In the Presence of a Good Bioinformatics Tool
In the presence of a good bioinformatics tool (as introduced in the Materials and Methods section) the power increases for each of the methods previously discussed. Most notably, the phenotype-independent methods show a substantial gain in power once the bioinformatics tool is applied. For example, under the simulated setting of 10 causal variants, among which five are expected to increase the quantitative trait value, the power is 99.83% and 99.80% for Lasso and EN, and is 23.91%, 17.15%, 18.85%, 97.87%, 99.73%, 99.76%, 98.49%, and 98.34% for Indicator, Count, MB, Marginal Regression, Multiple Regression, SCAD, SKAT (all variants), and SKAT (rare variants only), respectively (Fig. 2a). Under the simulated setting of 50 causal variants, among which 40 increase quantitative trait value, power is 100% for both Lasso and EN, and is 99.38%, 98.89%, 96.51%, 100%, 100%, 100%, 100%, and 100% for Indicator, Count, MB, Marginal Regression, Multiple Regression, SCAD, SKAT (all variants), and SKAT (rare variants only), respectively (Fig. 2b). Although power increases for all methods, the relative performance of the methods changes little from that under the absence of a bioinformatics tool.

Effect of m (the Number of Causal Variants) and r (Percent of Positive Causal Variants)
As the number of true causal variants (m) increases, so does power for all methods. This is to be expected because adding more causal variants increases the signal-to-noise ratio. When the number of true causal variants is very small, none of the methods have adequate power. Interestingly, it is in these situations where m is very small that SKAT manifests its advantage over other methods examined. As r gets smaller (i.e., the probability that a causal variant will contribute positively to the quantitative trait values gets smaller), the power of the phenotype-independent methods decreases. For example, the phenotype-independent methods have close to 0 power when r = 0.05; while the phenotype-dependent methods are relatively unaffected by changing values of r (Figs. 1a and 2a). We also observe a slight dip in power in all of the phenotype-dependent schemes when r = 0.5 and no bioinformatics information is used (Fig. 1a), which is to be expected because the signals from different directions are canceling one another. Similar trends are seen in all simulations with all four link functions (shown in supplementary materials).
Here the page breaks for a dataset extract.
(* Let $B'\in\mathcal X^+_{N-2}$ and $B\in{}'\mathcal X^{0,+}_{N-2}$ with $B'\preceq B$. Then $B'\in{}'\mathcal X^{0,+}_{N-2}$.
   Context: Let $N\ge 3$ be an odd integer and $F=\mathbb Z/2\mathbb Z$. For integers $i,j$ let $[i,j]=\{h\in\mathbb Z: i\le h\le j\}$ (empty if $i>j$). Let $S_N=[1,N]$. The set of all subsets of $S_N$ is an $F$-vector space with sum $X+X'=(X\cup X')-(X\cap X')$; let $E_N$ be the subspace of subsets of even cardinality. A $2$-element subset $\{i,j\}\subseteq S_N$ is written $ij$ when either ($i<j$ and $j-i$ odd) or ($i>j$ and $i-j$ even); each $2$-element subset has exactly one such writing. Let $\mathcal P_N$ be the set of all finite sets $B$ of pairwise disjoint $2$-element subsets of $S_N$; for $B\in\mathcal P_N$ let $\langle B\rangle$ be the $F$-subspace of $E_N$ spanned by the elements of $B$, $\mathrm{supp}(B)=\bigcup_{X\in B}X$, $B^0=\{\{i,j\}\in B: i-j\text{ even}\}$, $B^1=\{\{i,j\}\in B: i-j\text{ odd}\}$. A set $X\subseteq S_N$ is $0$-covered (resp. $1$-covered) by $B^1$ if there are $a_1b_1,\dots,a_sb_s\in B^1$ ($s\ge 0$, so $a_r<b_r$) with $X=[a_1,b_1]\sqcup\dots\sqcup[a_s,b_s]$ (resp. $X=[a_1,b_1]\sqcup\dots\sqcup[a_s,b_s]\sqcup\{u\}$ for some $u$), disjoint unions. Let ${}^*\mathcal P_N$ be the set of $B\in\mathcal P_N$ such that: for every $ij\in B^1$ the set $[i+1,j-1]$ is $0$-covered by $B^1$; and there is a sequence $i_*(B)=(i_1,\dots,i_{2s})$ in $S_N$ with $B^0=\{i_{2s}i_1,i_{2s-1}i_2,\dots,i_{s+1}i_s\}$ (so $s=|B^0|$; the sequence is unique) such that, if $s\ge1$, each of $[i_1+1,i_2-1],\dots,[i_{s-1}+1,i_s-1],[i_{s+1}+1,i_{s+2}-1],\dots,[i_{2s-1}+1,i_{2s}-1]$ is $0$-covered by $B^1$. For $B\in{}^*\mathcal P_N$ with $i_*(B)=(i_1,\dots,i_{2s})$ consider: (I) $s=0$, or $s\ge1$ and $[1,i_1-1]$ and $[i_{2s}+1,N]$ are $0$-covered by $B^1$; (II) $N\notin\mathrm{supp}(B)$ and either $s=0$, or $s$ is odd and either (i) $[1,i_1-1]$ is $1$-covered and $[i_{2s}+1,N-1]$ is $0$-covered by $B^1$, or (ii) $[1,i_1-1]$ is $0$-covered and $[i_{2s}+1,N-1]$ is $1$-covered by $B^1$; (III) (I) holds and, if $s$ is even then $\{i,N\}\in B$ for some even $i$, if $s$ is odd then $\{i,N\}\in B$ for some odd $i$. Let $\mathcal X^+_{N-2}$, $\mathcal X^-_{N-2}$ be the sets of $B\in{}^*\mathcal P_N$ satisfying (II), (III) respectively, and $\mathcal X_{N-2}=\mathcal X^+_{N-2}\sqcup\mathcal X^-_{N-2}$. For $B\in\mathcal X^+_{N-2}$ with $s\ge1$ there is a unique $u_B$: in case (i), $u_B\in[1,i_1-1]$ with $[1,u_B-1]$, $[u_B+1,i_1-1]$ $0$-covered by $B^1$ ($u_B$ odd); in case (ii), $u_B\in[i_{2s}+1,N-1]$ with $[i_{2s}+1,u_B-1]$, $[u_B+1,N-1]$ $0$-covered by $B^1$ ($u_B$ even). Let ${}'\mathcal X^{0,+}_{N-2}=\{B\in\mathcal X^+_{N-2}:|B^0|=0,\ N-1\notin\mathrm{supp}(B)\}$. Put $[[ij]]=[i,j]$ if $i<j$ and $[[ij]]=[i,N]\cup[1,j]$ if $i>j$. For $B\in\mathcal X_{N-2}$ define ${}'\epsilon(B)\in E_N$: ${}'\epsilon(B)=\sum_{ij\in B}[[ij]]$ if $B\in\mathcal X^-_{N-2}$ or if $B\in\mathcal X^+_{N-2}$ with $|B^0|=0$; ${}'\epsilon(B)=\sum_{ij\in B}[[ij]]+[u_B,N]$ if $B\in\mathcal X^+_{N-2}$, $|B^0|$ odd, $u_B$ even; ${}'\epsilon(B)=\sum_{ij\in B}[[ij]]+\{N\}+[1,u_B]$ if $B\in\mathcal X^+_{N-2}$, $|B^0|$ odd, $u_B$ odd. For $B,B'\in\mathcal X_{N-2}$ write $B'\preceq B$ if there is a sequence $B'=B_0,\dots,B_h=B$ ($h\ge0$) in $\mathcal X_{N-2}$ with ${}'\epsilon(B_k)\in\langle B_{k+1}\rangle$ for $k=0,\dots,h-1$. *)

theory Defs
  imports Main
begin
Weight Estimation Accuracy for Individual Variants
Table 1 shows the correlation between the true and estimated values of the weights for each method under the simulation settings in which the number of truly causal variants, m, is 10 and the proportion of variants contributing in the positive direction, r, is 80%. Of note, the correlation between true and estimated weights increases for all methods with the addition of bioinformatics filtering. The EN and Lasso yield the highest correlations between estimated and true weights, both in situations where we restrict to variants that are likely to be functional (Pearson correlations of 0.285 and 0.355), and when we do not (Pearson correlations of 0.744 and 778).
Method | All markers | Limited to functional markers |
---|---|---|
Indicator | – | – |
Count | 0.0126 | 0.2386 |
Madsen-Browning | 0.0591 | 0.1225 |
Marginal Regression | 0.1588 | 0.6490 |
Multiple Regression | 0.0883 | 0.6537 |
Lasso | 0.2852 | 0.7436 |
EN | 0.3555 | 0.7787 |
SCAD | 0.2301 | 0.7344 |
SKAT (all) | – | – |
SKAT (rare only) | – | – |
Identification of Individual Causal Variants
When using variable selection schemes, we have the opportunity to identify individual causal variants within the region or variant set under study. Figure 3 illustrates the accuracy with which the causal variant(s) can be identified by each weighting scheme. Note that the causal variant(s) are not always 100% identified, but in many cases, the causal variant, or a variant in high LD (r2 > 0.8), has estimated nonzero weights. For example, if we fix m = 10, r = 0.8, and the logit link function, without considering LD buddies, we need to consider the top 696 (109 and 12) variants in order to detect 90% (60%, 30%) of the causal variants using EN (Fig. 3a); taking LD buddies into consideration, the numbers decrease to 378 (14 and 4; Fig. 3b). While considering functional information we consider fewer variants and narrow the field to include a higher proportion of truly causal variants. In this case, we need to consider the top 408 (16 and 4) variants in order to detect 90% (60%, 30%) of the causal variants (Fig. 3c) without considering LD buddies; with LD buddies taken into consideration, the numbers decrease to 374 (13 and 3; Fig. 3d).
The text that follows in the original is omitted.